Я вообще не знал его родни и на мгновение спасовал перед опасностью, которая ожидала меня, если бы я начал придумывать небылицы. Поэтому я ответил, что никогда не встречался ни с кем из его родственников, вновь почувствовав при этом, что ощущаю себя значительно увереннее, когда говорю правду.

— А я полагал, что вы закадычные друзья, — сказал он с легким подозрением (или, быть может, мне это померещилось), глядя на меня своими хитрющими маленькими глазками.

— Да, но только в городе. Я никогда не бывал в его родовом имении.

— Ладно, — проворчал он, — с этим ничего уж теперь не поделаешь. Но не понимаю, почему он не мог сначала прийти поужинать? Я бы никогда не отправился к постели умирающего без хорошего ужина. А то получается совершенная бессмыслица, если вам угодно знать мое мнение. Ну что ж, нам, следовательно, придется поужинать без него, а он пусть кусает себе локти. Не посчитайте за труд позвонить вот в этот колокольчик. Полагаю, вы в курсе, какова была цель его посещения? Жаль, что я больше не увижу вашего друга. Нет-нет, никаких разговоров о делах! Мне просто очень понравился Раффлс, я ужасно к нему привязался. Он подлинный циник, а я обожаю циников. Я и сам циник. Что там теперь осталось от его матушки или же какой-нибудь из его тетушек? Пустая, отвратительная оболочка, да и та, надеюсь, вскоре испустит дух.

Я собрал эти образчики его высказываний в одну кучу, хотя, разумеется, они были разделены интервалами, паузами и моими репликами, которые я ухитрялся время от времени вставлять то здесь, то там. Пока официант накрывал на стол, мы беседовали таким вот образом, и у меня сложилось вполне определенное мнение об этом человеке, подкреплявшееся каждым новым его высказыванием. Благодаря этому мнению я начисто был избавлен от любых угрызений совести по поводу моего вероломного присутствия за его столом. Он принадлежал к тому кошмарному типу людей, которых с небольшой долей условности можно было бы назвать «глупыми циниками» и которые всегда норовят делать самые язвительные комментарии обо всем и обо всех на свете. Высшими их достижениями всегда оказываются вульгарная непочтительность и неумная насмешка. Добившись богатства (по его же собственному признанию) благодаря торговле земельными участками, он так и остался невоспитанным, невежественным человеком. Крэггс был в полной мере наделен хитростью и злорадством, он до удушья смеялся, когда вдруг вспомнил о том невезении, которое постигло других, не столь ловких спекулянтов во время известного земельного бума. Даже и сейчас я не слишком-то переживаю за свое поведение во время ужина с достопочтенным Дж. М. Крэггсом, депутатом законодательного собрания.

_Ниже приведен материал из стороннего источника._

(* Let $B$ be a finite Blaschke product of degree $n\ge 1$, and let $M=M(B)$, $m=m(B)$. Then \[ \frac{n}{M-n+1}\le m\le n-1+\frac{n}{M} \qquad\text{and}\qquad 0<m\le n\le M . \]
   Context: A finite Blaschke product of degree $n$ is a function $B(z)=\alpha\prod_{k=1}^n \frac{z-a_k}{1-\overline{a_k}z}$ with $a_1,\dots,a_n\in\mathbb D=\{|z|<1\}$ and $\alpha\in\mathbb T=\{|z|=1\}$. For such $B$, $M(B)=\sup_{|z|=1}|B'(z)|$ and $m(B)=\inf_{|z|=1}|B'(z)|$. *)

theory Defs
  imports "HOL-Complex_Analysis.Complex_Analysis"
begin

definition blaschke :: "complex \<Rightarrow> complex list \<Rightarrow> complex \<Rightarrow> complex" where
  "blaschke \<alpha> a z = \<alpha> * (\<Prod>k<length a. (z - a ! k) / (1 - cnj (a ! k) * z))"

definition is_blaschke :: "complex \<Rightarrow> complex list \<Rightarrow> bool" where
  "is_blaschke \<alpha> a \<longleftrightarrow> norm \<alpha> = 1 \<and> (\<forall>k<length a. norm (a ! k) < 1)"

definition blaschke_M :: "(complex \<Rightarrow> complex) \<Rightarrow> real" where
  "blaschke_M B = (SUP z\<in>sphere 0 1. norm (deriv B z))"

definition blaschke_m :: "(complex \<Rightarrow> complex) \<Rightarrow> real" where
  "blaschke_m B = (INF z\<in>sphere 0 1. norm (deriv B z))"

end

(* Write B = alpha A / D with A(z) = prod (z - a_k) and D(z) = prod (1 - cnj a_k z). On the unit
   circle |B'(z)| equals the Poisson sum P(z) = sum_k (1 - |a_k|^2) / |z - a_k|^2. For w on the circle
   choose eta = w A(w) / D(w); then the n + 1 roots of z A(z) - eta D(z) all lie on the circle, are
   simple, and include w, and the partial fraction expansion of D(z) / (z (z A(z) - eta D(z))) yields
   sum_r 1 / (1 + P(r)) = 1 over these roots. Comparing the n terms with r ~= w to 1 / (1 + M) and
   1 / (1 + m) gives n <= M, m <= n and bounds on P(w) in terms of M and m; taking the infimum and
   supremum over w gives the two inequalities. *)

theory Submission
  imports Defs "HOL-Computational_Algebra.Fundamental_Theorem_Algebra"
begin

lemma sum_div_prod_diff_eq_0:
  fixes R :: "'a::field set" and p :: "'a poly"
  assumes fin: "finite R" and deg: "degree p + 2 \<le> card R"
  shows "(\<Sum>x\<in>R. poly p x / (\<Prod>y\<in>R-{x}. x - y)) = 0"
proof -
  \<comment> \<open>The sum is the top coefficient (degree card R - 1) of the Lagrange
      interpolant of p at R, which is p itself.\<close>
  define c where "c x = poly p x / (\<Prod>y\<in>R-{x}. x - y)" for x
  define L where "L = (\<Sum>x\<in>R. smult (c x) (\<Prod>y\<in>R-{x}. [:-y, 1:]))"
  have degree_basis: "degree (\<Prod>y\<in>R-{x}. [:-y, 1:]) = card R - 1" if "x \<in> R" for x
    using fin that by (subst degree_prod_sum_eq) (auto simp: card_Diff_singleton)
  have coeff_basis: "coeff (\<Prod>y\<in>R-{x}. [:-y, 1:]) (card R - 1) = 1" if "x \<in> R" for x
  proof -
    have "coeff (\<Prod>y\<in>R-{x}. [:-y, 1:]) (card R - 1) = lead_coeff (\<Prod>y\<in>R-{x}. [:-y, 1:])"
      by (simp only: degree_basis[OF that])
    then show ?thesis by (simp add: lead_coeff_prod)
  qed
  have poly_L: "poly L z = poly p z" if "z \<in> R" for z
  proof -
    have "poly L z = (\<Sum>x\<in>R. c x * (\<Prod>y\<in>R-{x}. z - y))"
      by (simp add: L_def poly_sum poly_prod)
    also have "\<dots> = c z * (\<Prod>y\<in>R-{z}. z - y)"
      using fin that by (subst sum.remove) (auto intro!: sum.neutral simp: prod_zero_iff)
    also have "\<dots> = poly p z"
      using fin by (simp add: c_def prod_zero_iff)
    finally show ?thesis .
  qed
  have "degree L \<le> card R - 1"
    unfolding L_def using fin
    by (intro degree_sum_le) (auto intro: order.trans[OF degree_smult_le] simp: degree_basis)
  then have "L = p"
    using deg by (intro poly_eqI_degree[of R]) (auto simp: poly_L)
  then have "(\<Sum>x\<in>R. c x) = coeff p (card R - 1)"
    using coeff_basis by (auto simp: L_def coeff_sum intro!: sum.cong)
  also have "\<dots> = 0"
    using deg by (intro coeff_eq_0) linarith
  finally show ?thesis by (simp add: c_def)
qed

Но мне никогда не забыть той гаммы моих внутренних переживаний, которые обусловливались самой ситуацией, принуждавшей меня одним ухом слушать хозяина номера, а другим — прислушиваться, не слышно ли Раффлса?! Один раз я его услышал, хотя комнаты были разделены не какими-то старомодными раздвижными перегородками, а настоящей дверью, которая была плотно закрыта и, кроме того, занавешена тяжелой портьерой. И тем не менее я могу поклясться, что один раз услышал оттуда звук. Я даже слегка пролил вино и во весь голос расхохотался в ответ на одну из грубых острот хозяина. Но больше не было никаких шорохов, хотя мой слух все время был сильно напряжен. После того как официант удалился, Крэггс, к моему великому ужасу, вскочил на ноги и, не говоря ни слова, кинулся в спальню. И пока он не вернулся, я сидел как каменный.

— Мне показалось, что будто бы стукнула дверь, — сказал он. — Я, должно быть, ошибся… игра воображения. Раффлс рассказывал вам, какое у меня тут хранится бесценное сокровище?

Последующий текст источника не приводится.